### PySpark ETL Pipeline - Exploration & Development

This notebook documents the exploration and development of our PySpark-based ETL pipeline for the Flight Airfare Prediction project.

### 1. Environment Setup

In [1]:
# Standard imports
import sys
import os
from pathlib import Path

# Add project root to path
project_root = Path.cwd().parent if 'notebooks' in str(Path.cwd()) else Path.cwd()
sys.path.insert(0, str(project_root))
print(f"Project root: {project_root}")

Project root: /Users/proxim/projects/Flight-Airfare-Prediction-on-Azure-with-WebUI


In [2]:
# PySpark imports
from pyspark.sql import SparkSession
from pyspark.sql import functions as F
from pyspark.sql.types import *

# Data processing
import pandas as pd
import numpy as np

# Visualization
import matplotlib.pyplot as plt
import seaborn as sns

# Suppress warnings
import warnings
warnings.filterwarnings('ignore')

print("✓ Libraries imported successfully")

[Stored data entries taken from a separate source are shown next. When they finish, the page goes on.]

lemma period_test_correct:
  assumes i: "i < n" and L: "L \<le> n" and j: "1 \<le> j" "j \<le> L div 2" and overlap: "L - j < i + 1"
  shows "hoare (\<lambda>m. inv_border i a L j m \<and> m 21 = int (L - j)) period_test
    (\<lambda>m. inv_border i a L j m \<and> m 18 = int (border_coef k (cand i a) L j)) 11 cells_used"
proof -
  define d where "d = L - j"
  have d: "1 \<le> d" "d \<le> i" using j overlap by (auto simp: d_def)
  have coef: "border_coef k (cand i a) L j = (if nonperiod_flag i d = 0 \<and> a = w ! (i - d) then 1 else 0)"
    using has_period_snoc[of d "take i w" a] d i length_w overlap
    by (simp add: border_coef_def nonperiod_flag_def d_def)
  define R where "R m \<longleftrightarrow> inv_border i a L j m \<and> m 24 = int (nonperiod_flag i d)
    \<and> m 25 = int (w ! (i - d)) - int a" for m
  have load: "hoare (\<lambda>m. inv_border i a L j m \<and> m 21 = int (L - j))
    (Block [Add 24 5 21, LoadInd 24 24, Sub 25 6 21, Add 25 2 25, LoadInd 25 25, Sub 25 25 9])
    R 6 cells_used"
  proof (rule hoare_Block)
    fix m assume h: "inv_border i a L j m \<and> m 21 = int (L - j)"
    note f = inv_border_facts[OF h[THEN conjunct1]]
    define s where "s = i - d"
    have s: "s < n" "int i - int d = int s" using d i by (auto simp: s_def)
    have "m 21 = int d" using h by (simp add: d_def)
    moreover have "m (bq + d) = int (nonperiod_flag i d)"
      using f(12) d i by (auto simp: periods_stored_def)
    moreover have "m (bw + s) = int (w ! s)" using f(9) s unfolding word_stored_def by blast
    ultimately show "R (exec_block [Add 24 5 21, LoadInd 24 24, Sub 25 6 21, Add 25 2 25, LoadInd 25 25,
        Sub 25 25 9] m)
      \<and> block_cells [Add 24 5 21, LoadInd 24 24, Sub 25 6 21, Add 25 2 25, LoadInd 25 25, Sub 25 25 9] m
        \<subseteq> cells_used"
      using h f layout_facts[OF f(1)] d i s by (simp add: R_def s_def[symmetric])
  qed auto
  let ?Q = "\<lambda>m. inv_border i a L j m \<and> m 18 = int (border_coef k (cand i a) L j)"
  have test: "hoare R (Cond (IsZero 24) (Cond (IsZero 25) (Block [LoadConst 18 1]) (Block [LoadConst 18 0]))
      (Block [LoadConst 18 0])) ?Q 5 cells_used"
  proof (rule hoare_Cond[where Tc = 3 and Td = 1])
    show "hoare (\<lambda>m. R m \<and> holds (IsZero 24) m)
      (Cond (IsZero 25) (Block [LoadConst 18 1]) (Block [LoadConst 18 0])) ?Q 3 cells_used"
      by (rule hoare_Cond[where Tc = 1 and Td = 1]; (rule hoare_Block)?) (auto simp: R_def coef)
  qed ((rule hoare_Block)?; auto simp: R_def coef nonperiod_flag_def)+
  show ?thesis unfolding period_test_def by (rule hoare_Seq[OF load test]) simp
qed

lemma power_lookup_correct:
  assumes i: "i < n" and L: "L \<le> n" and j: "j \<le> L div 2" and apart: "i + 1 \<le> L - j"
  shows "hoare (\<lambda>m. inv_border i a L j m \<and> m 23 = int (L - j - max j (i + 1))) (Block [Add 24 3 23, LoadInd 18 24])
    (\<lambda>m. inv_border i a L j m \<and> m 18 = int (border_coef k (cand i a) L j)) 2 cells_used"
proof (rule hoare_Block)
  fix m assume h: "inv_border i a L j m \<and> m 23 = int (L - j - max j (i + 1))"
  note f = inv_border_facts[OF h[THEN conjunct1]]
  define e where "e = L - j - max j (i + 1)"
  have "m 23 = int e" "e \<le> n" using h L by (simp_all add: e_def)
  moreover have "m (bp + e) = int (k ^ e)" using f(10) L by (simp add: powers_stored_def e_def)
  moreover have "border_coef k (cand i a) L j = k ^ e" using apart i length_w
    by (simp add: border_coef_def e_def)
  ultimately show "(inv_border i a L j (exec_block [Add 24 3 23, LoadInd 18 24] m)
      \<and> exec_block [Add 24 3 23, LoadInd 18 24] m 18 = int (border_coef k (cand i a) L j))
    \<and> block_cells [Add 24 3 23, LoadInd 18 24] m \<subseteq> cells_used"
    using h[THEN conjunct1] layout_facts[OF f(1)] by simp
qed auto

lemma coef_code_correct:
  assumes i: "i < n" and L: "i + 1 \<le> L" "L \<le> n" and j: "1 \<le> j" "j \<le> L div 2"
  shows "hoare (inv_border i a L j) coef_code
    (\<lambda>m. inv_border i a L j m \<and> m 18 = int (border_coef k (cand i a) L j)) 18 cells_used"
proof -
  define R1 where "R1 m \<longleftrightarrow> inv_border i a L j m \<and> m 21 = int L - int j \<and> m 22 = int j - int (i + 1)" for m
  define R2 where "R2 m \<longleftrightarrow> inv_border i a L j m \<and> m 21 = int L - int j
    \<and> m 23 = int L - int j - int (max j (i + 1))" for m
  let ?Q = "\<lambda>m. inv_border i a L j m \<and> m 18 = int (border_coef k (cand i a) L j)"
  have s1: "hoare (inv_border i a L j) (Block [Sub 21 12 15, Sub 22 15 11]) R1 2 cells_used"
  proof (rule hoare_Block)
    fix m assume "inv_border i a L j m"
    moreover from this have "m 11 = int (i + 1)" "m 12 = int L" "m 15 = int j"
      by (auto simp: inv_border_facts)
    ultimately show "R1 (exec_block [Sub 21 12 15, Sub 22 15 11] m)
      \<and> block_cells [Sub 21 12 15, Sub 22 15 11] m \<subseteq> cells_used"
      by (simp add: R1_def)
  qed auto
  have s2: "hoare R1 (Cond (IsNeg 22) (Block [Sub 23 21 11]) (Block [Sub 23 21 15])) R2 3 cells_used"
  proof (rule hoare_Cond[where Tc = 1 and Td = 1]; (rule hoare_Block)?)
    fix m assume "R1 m \<and> holds (IsNeg 22) m"
    moreover from this have "m 11 = int (i + 1)" "m 15 = int j" by (auto simp: R1_def inv_border_facts)
    ultimately show "R2 (exec_block [Sub 23 21 11] m) \<and> block_cells [Sub 23 21 11] m \<subseteq> cells_used"
      by (simp add: R1_def R2_def max_def)
  next
    fix m assume "R1 m \<and> \<not> holds (IsNeg 22) m"
    moreover from this have "m 11 = int (i + 1)" "m 15 = int j" by (auto simp: R1_def inv_border_facts)
    ultimately show "R2 (exec_block [Sub 23 21 15] m) \<and> block_cells [Sub 23 21 15] m \<subseteq> cells_used"
      by (simp add: R1_def R2_def max_def)
  qed auto
  have s3: "hoare R2 (Cond (IsNeg 23) period_test (Block [Add 24 3 23, LoadInd 18 24])) ?Q 13 cells_used"
  proof (cases "L - j < i + 1")
    case True
    have "hoare (\<lambda>m. R2 m \<and> holds (IsNeg 23) m) period_test ?Q 11 cells_used"
      by (rule hoare_conseq[OF period_test_correct[OF i L(2) j True]]) (use j in \<open>auto simp: R2_def\<close>)
    moreover have "hoare (\<lambda>m. R2 m \<and> \<not> holds (IsNeg 23) m) (Block [Add 24 3 23, LoadInd 18 24]) ?Q 2 cells_used"
      using True j by (auto simp: hoare_def R2_def)
    ultimately show ?thesis by (rule hoare_Cond) simp_all
  next
    case False
    have "hoare (\<lambda>m. R2 m \<and> holds (IsNeg 23) m) period_test ?Q 11 cells_used"
      using False j by (auto simp: hoare_def R2_def)
    moreover have "hoare (\<lambda>m. R2 m \<and> \<not> holds (IsNeg 23) m) (Block [Add 24 3 23, LoadInd 18 24]) ?Q 2 cells_used"
      by (rule hoare_conseq[OF power_lookup_correct[OF i L(2) j(2)]]) (use False j in \<open>auto simp: R2_def\<close>)
    ultimately show ?thesis by (rule hoare_Cond) simp_all
  qed
  show ?thesis unfolding coef_code_def
    by (rule hoare_Seq[OF s1 hoare_Seq[OF s2 s3 order_refl]]) simp
qed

✓ Libraries imported successfully


In [None]:
# Initialize Spark Session
spark = SparkSession.builder \
    .appName("FlightETL-Exploration") \
    .config("spark.sql.adaptive.enabled", "true") \
    .config("spark.driver.memory", "4g") \
    .getOrCreate()

# Set log level
spark.sparkContext.setLogLevel("WARN")

print(f"Spark Version: {spark.version}")
print(f"App Name: {spark.sparkContext.appName}")

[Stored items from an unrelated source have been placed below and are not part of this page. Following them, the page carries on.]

lemma char_poly_gram_svd:
  assumes "is_singular_values k A \<sigma>"
  shows "char_poly (transpose_mat (square_mat k A) * square_mat k A)
    = (\<Prod>l\<leftarrow>[0..<k]. [:- ((\<sigma> l)\<^sup>2), 1:])"
proof -
  obtain U V where
    U: "\<forall>i<k. \<forall>j<k. (\<Sum>l<k. U l i * U l j) = (if i = j then 1 else 0)" and
    V: "\<forall>i<k. \<forall>j<k. (\<Sum>l<k. V l i * V l j) = (if i = j then 1 else 0)" and
    A: "\<forall>i<k. \<forall>j<k. A i j = (\<Sum>l<k. U i l * \<sigma> l * V j l)"
    using assms unfolding is_singular_values_def by (elim conjE exE) (rule that)
  define Um Vm D where "Um = square_mat k U" and "Vm = square_mat k V" and "D = diagonal_mat_of k \<sigma>"
  have k_mult: "X * Y \<in> carrier_mat k k" "X * Y * Z = X * (Y * Z)"
    if "X \<in> carrier_mat k k" "Y \<in> carrier_mat k k" "Z \<in> carrier_mat k k" for X Y Z :: "real mat"
    using that by auto
  have carrier: "Um \<in> carrier_mat k k" "Vm \<in> carrier_mat k k" "D \<in> carrier_mat k k"
    "transpose_mat Um \<in> carrier_mat k k" "transpose_mat Vm \<in> carrier_mat k k"
    by (simp_all add: Um_def Vm_def D_def)
  have UtU: "transpose_mat Um * Um = 1\<^sub>m k" and VtV: "transpose_mat Vm * Vm = 1\<^sub>m k"
    unfolding Um_def Vm_def using U V by (simp_all add: transpose_square_mat_mult_self)
  have VVt: "Vm * transpose_mat Vm = 1\<^sub>m k"
    by (rule mat_mult_left_right_inverse[OF carrier(5,2) VtV])
  have "square_mat k A = Um * D * transpose_mat Vm"
    unfolding Um_def Vm_def D_def using A by (rule square_mat_eq_svd)
  moreover have "transpose_mat Um * (Um * X) = X" if "X \<in> carrier_mat k k" for X
    using carrier that by (simp flip: k_mult(2) add: UtU)
  moreover have "D * (D * X) = diagonal_mat_of k (\<lambda>l. (\<sigma> l)\<^sup>2) * X" if "X \<in> carrier_mat k k" for X
  proof -
    have "D * D = diagonal_mat_of k (\<lambda>l. (\<sigma> l)\<^sup>2)"
      by (simp add: D_def diagonal_mat_of_mult power2_eq_square)
    then show ?thesis
      using carrier that by (simp flip: k_mult(2))
  qed
  moreover have "transpose_mat D = D"
    by (simp add: D_def)
  ultimately have "transpose_mat (square_mat k A) * square_mat k A
      = Vm * (diagonal_mat_of k (\<lambda>l. (\<sigma> l)\<^sup>2) * transpose_mat Vm)"
    using carrier by (simp add: transpose_mult[of _ k k _ k] k_mult)
  then have "similar_mat (transpose_mat (square_mat k A) * square_mat k A) (diagonal_mat_of k (\<lambda>l. (\<sigma> l)\<^sup>2))"
    using carrier VVt VtV by (intro similar_matI[of _ _ Vm "transpose_mat Vm" k]) (auto simp: k_mult)
  then have "char_poly (transpose_mat (square_mat k A) * square_mat k A)
      = char_poly (diagonal_mat_of k (\<lambda>l. (\<sigma> l)\<^sup>2))"
    by (rule char_poly_similar)
  also have "\<dots> = (\<Prod>x\<leftarrow>diag_mat (diagonal_mat_of k (\<lambda>l. (\<sigma> l)\<^sup>2)). [:- x, 1:])"
    by (rule char_poly_upper_triangular[of _ k]) (auto simp: upper_triangular_def diagonal_mat_of_def)
  also have "diag_mat (diagonal_mat_of k (\<lambda>l. (\<sigma> l)\<^sup>2)) = map (\<lambda>l. (\<sigma> l)\<^sup>2) [0..<k]"
    by (auto simp: diag_mat_def diagonal_mat_of_def intro: nth_equalityI)
  finally show ?thesis by (simp add: o_def)
qed

lemma order_prod_list_linear:
  "order c (\<Prod>x\<leftarrow>xs. [:- x, 1:]) = count (mset xs) (c::'a::idom)"
proof (induction xs)
  case Nil
  then show ?case by (simp add: order_0I)
next
  case (Cons x xs)
  have "(\<Prod>x\<leftarrow>xs. [:- x, 1:]) \<noteq> 0"
    by (auto simp: prod_list_zero_iff)
  then have "[:- x, 1:] * (\<Prod>x\<leftarrow>xs. [:- x, 1:]) \<noteq> 0"
    by (rule no_zero_divisors[rotated]) simp
  from order_mult[OF this]
  have "order c (\<Prod>x\<leftarrow>x # xs. [:- x, 1:]) = order c [:- x, 1:] + order c (\<Prod>x\<leftarrow>xs. [:- x, 1:])"
    by (simp only: list.map prod_list.Cons)
  then show ?case
    using Cons.IH order_linear'[of c "- x"] by simp
qed

lemma mset_eq_if_prod_list_linear_eq:
  fixes xs ys :: "'a::idom list"
  assumes "(\<Prod>x\<leftarrow>xs. [:- x, 1:]) = (\<Prod>x\<leftarrow>ys. [:- x, 1:])"
  shows "mset xs = mset ys"
  by (rule multiset_eqI) (metis assms order_prod_list_linear)

lemma is_singular_values_unique:
  assumes \<sigma>: "is_singular_values k A \<sigma>" and \<tau>: "is_singular_values k A \<tau>"
  shows "\<sigma> = \<tau>"
proof
  fix l
  have "mset (map (\<lambda>l. (\<sigma> l)\<^sup>2) [0..<k]) = mset (map (\<lambda>l. (\<tau> l)\<^sup>2) [0..<k])"
    by (rule mset_eq_if_prod_list_linear_eq)
      (use char_poly_gram_svd[OF \<sigma>] char_poly_gram_svd[OF \<tau>] in \<open>simp add: o_def\<close>)
  from arg_cong[OF this, of "image_mset uminus"]
  have mset_eq: "mset (map (\<lambda>l. - (\<sigma> l)\<^sup>2) [0..<k]) = mset (map (\<lambda>l. - (\<tau> l)\<^sup>2) [0..<k])"
    by (simp add: multiset.map_comp o_def)
  have sorted: "sorted (map (\<lambda>l. - (\<rho> l)\<^sup>2) [0..<k])" if "is_singular_values k A \<rho>" for \<rho>
    using that unfolding is_singular_values_def sorted_iff_nth_mono_less
    by (auto intro!: power_mono)
  have "map (\<lambda>l. - (\<sigma> l)\<^sup>2) [0..<k] = map (\<lambda>l. - (\<tau> l)\<^sup>2) [0..<k]"
    using properties_for_sort[OF mset_eq sorted[OF \<sigma>]] sorted_sort_id[OF sorted[OF \<tau>]] by simp
  show "\<sigma> l = \<tau> l"
  proof (cases "l < k")
    case True
    with \<open>map _ _ = map _ _\<close> have "(\<sigma> l)\<^sup>2 = (\<tau> l)\<^sup>2"
      by (metis add_0 diff_zero neg_equal_iff_equal nth_map_upt)
    moreover have "0 \<le> \<sigma> l" "0 \<le> \<tau> l"
      using \<sigma> \<tau> True unfolding is_singular_values_def by auto
    ultimately show ?thesis
      by simp
  next
    case False
    then show ?thesis
      using \<sigma> \<tau> unfolding is_singular_values_def by auto
  qed
qed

## 2. Data Exploration with PySpark

In [3]:
# Load raw data
data_path = str(project_root / "data" / "train.csv")

raw_df = spark.read \
    .option("header", "true") \
    .option("inferSchema", "true") \
    .csv(data_path)

print(f"Loaded {raw_df.count()} rows from {data_path}")
print(f"Columns: {raw_df.columns}")

NameError: name 'spark' is not defined

In [None]:
# Schema inspection
raw_df.printSchema()

In [None]:
# Sample data preview
raw_df.show(5, truncate=False)

In [None]:
# Data statistics
raw_df.describe().show()

In [None]:
# Null analysis
null_counts = []
for col in raw_df.columns:
    null_count = raw_df.filter(F.col(col).isNull()).count()
    null_counts.append((col, null_count, null_count / raw_df.count() * 100))

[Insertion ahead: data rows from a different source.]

text \<open>At a level \<open>x \<in> [1, N0]\<close> with memory \<open>y < 0\<close> the downward clock rings first whenever it rings
  at all, and it rings iff \<open>\<mu>\<^sub>x\<^sub>-\<^sub>1 e\<^sub>x\<^sub>-\<^sub>1 \<le> y\<^sup>2/2\<close>; the half-square of the memory then
  drops by exactly \<open>\<mu>\<^sub>x\<^sub>-\<^sub>1 e\<^sub>x\<^sub>-\<^sub>1\<close>.\<close>

lemma hold_time_down:
  assumes x: "x \<le> N0" "1 \<le> x" and y: "y < 0" and s: "\<And>j. j \<le> n \<Longrightarrow> 0 < s j"
    and le: "s (x - 1) * \<mu> (x - 1) \<le> y\<^sup>2 / 2"
  defines "h \<equiv> (- y - sqrt (y\<^sup>2 - 2 * (s (x - 1) * \<mu> (x - 1)))) / v x"
  shows "hold_time n v rate x y s = ereal h" "next_level n v rate x y s = x - 1"
    "y + v x * h = - sqrt (y\<^sup>2 - 2 * (s (x - 1) * \<mu> (x - 1)))"
proof -
  have xn: "x + 1 \<le> n" using x N0_bound by simp
  have v: "0 < v x" using v_pos x by simp
  have \<mu>: "s (x - 1) * v x / cc n N0 N1 v (x - 1) = s (x - 1) * \<mu> (x - 1)"
    using x by (simp add: mu_def)
  have down: "clock_time v rate x y (x - 1) (s (x - 1)) = ereal h"
    unfolding clock_time_down[OF x] h_def \<mu>[symmetric]
    by (rule ramp_clock_falling) (use x y s xn le \<mu> cc_pos v in auto)
  have "h \<le> - y / v x"
    using v le unfolding h_def by (simp add: diff_divide_distrib)
  also have "\<dots> \<le> (sqrt (2 * s (x + 1) * v x / cc n N0 N1 v x) - y) / v x"
    using v s[OF xn] cc_pos[OF x(1)] by (simp add: diff_divide_distrib)
  finally have "ereal h \<le> clock_time v rate x y (x + 1) (s (x + 1))"
    using clock_time_up[OF x(1) _ s[OF xn]] y by simp
  moreover have other: "clock_time v rate x y j (s j) = \<infinity>" if "j \<noteq> x + 1" "j \<noteq> x - 1" "j \<le> n" for j
    by (rule clock_time_other) (use that x s in auto)
  ultimately have all: "ereal h \<le> clock_time v rate x y j (s j)" if "j \<le> n" for j
    using down that by (cases "j = x + 1"; cases "j = x - 1") auto
  show hold: "hold_time n v rate x y s = ereal h"
    unfolding hold_time_def
    by (rule Min_eqI) (use all down x N0_bound in \<open>auto intro!: image_eqI[of _ _ "x - 1"]\<close>)
  show "next_level n v rate x y s = x - 1"
    unfolding next_level_def hold
  proof (rule Least_equality)
    fix j assume "j \<le> n \<and> clock_time v rate x y j (s j) = ereal h"
    then show "x - 1 \<le> j" using other[of j] by (cases "j = x + 1"; cases "j = x - 1") auto
  qed (use down x N0_bound in simp)
  show "y + v x * h = - sqrt (y\<^sup>2 - 2 * (s (x - 1) * \<mu> (x - 1)))"
    unfolding h_def using v by (simp add: field_simps)
qed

null_df = pd.DataFrame(null_counts, columns=['Column', 'Null_Count', 'Null_Percentage'])
print("Null Analysis:")
print(null_df.to_string(index=False))

## 3. Bronze Layer - Raw Data Ingestion

The Bronze layer stores raw data exactly as received from the source, with added metadata for lineage tracking.

In [None]:
# Experiment: Adding ingestion metadata
import uuid
from datetime import datetime

batch_id = str(uuid.uuid4())[:8]

bronze_df = raw_df \
    .withColumn("_ingestion_timestamp", F.current_timestamp()) \
    .withColumn("_source_file", F.lit(data_path)) \
    .withColumn("_batch_id", F.lit(batch_id)) \
    .withColumn("_ingestion_date", F.current_date())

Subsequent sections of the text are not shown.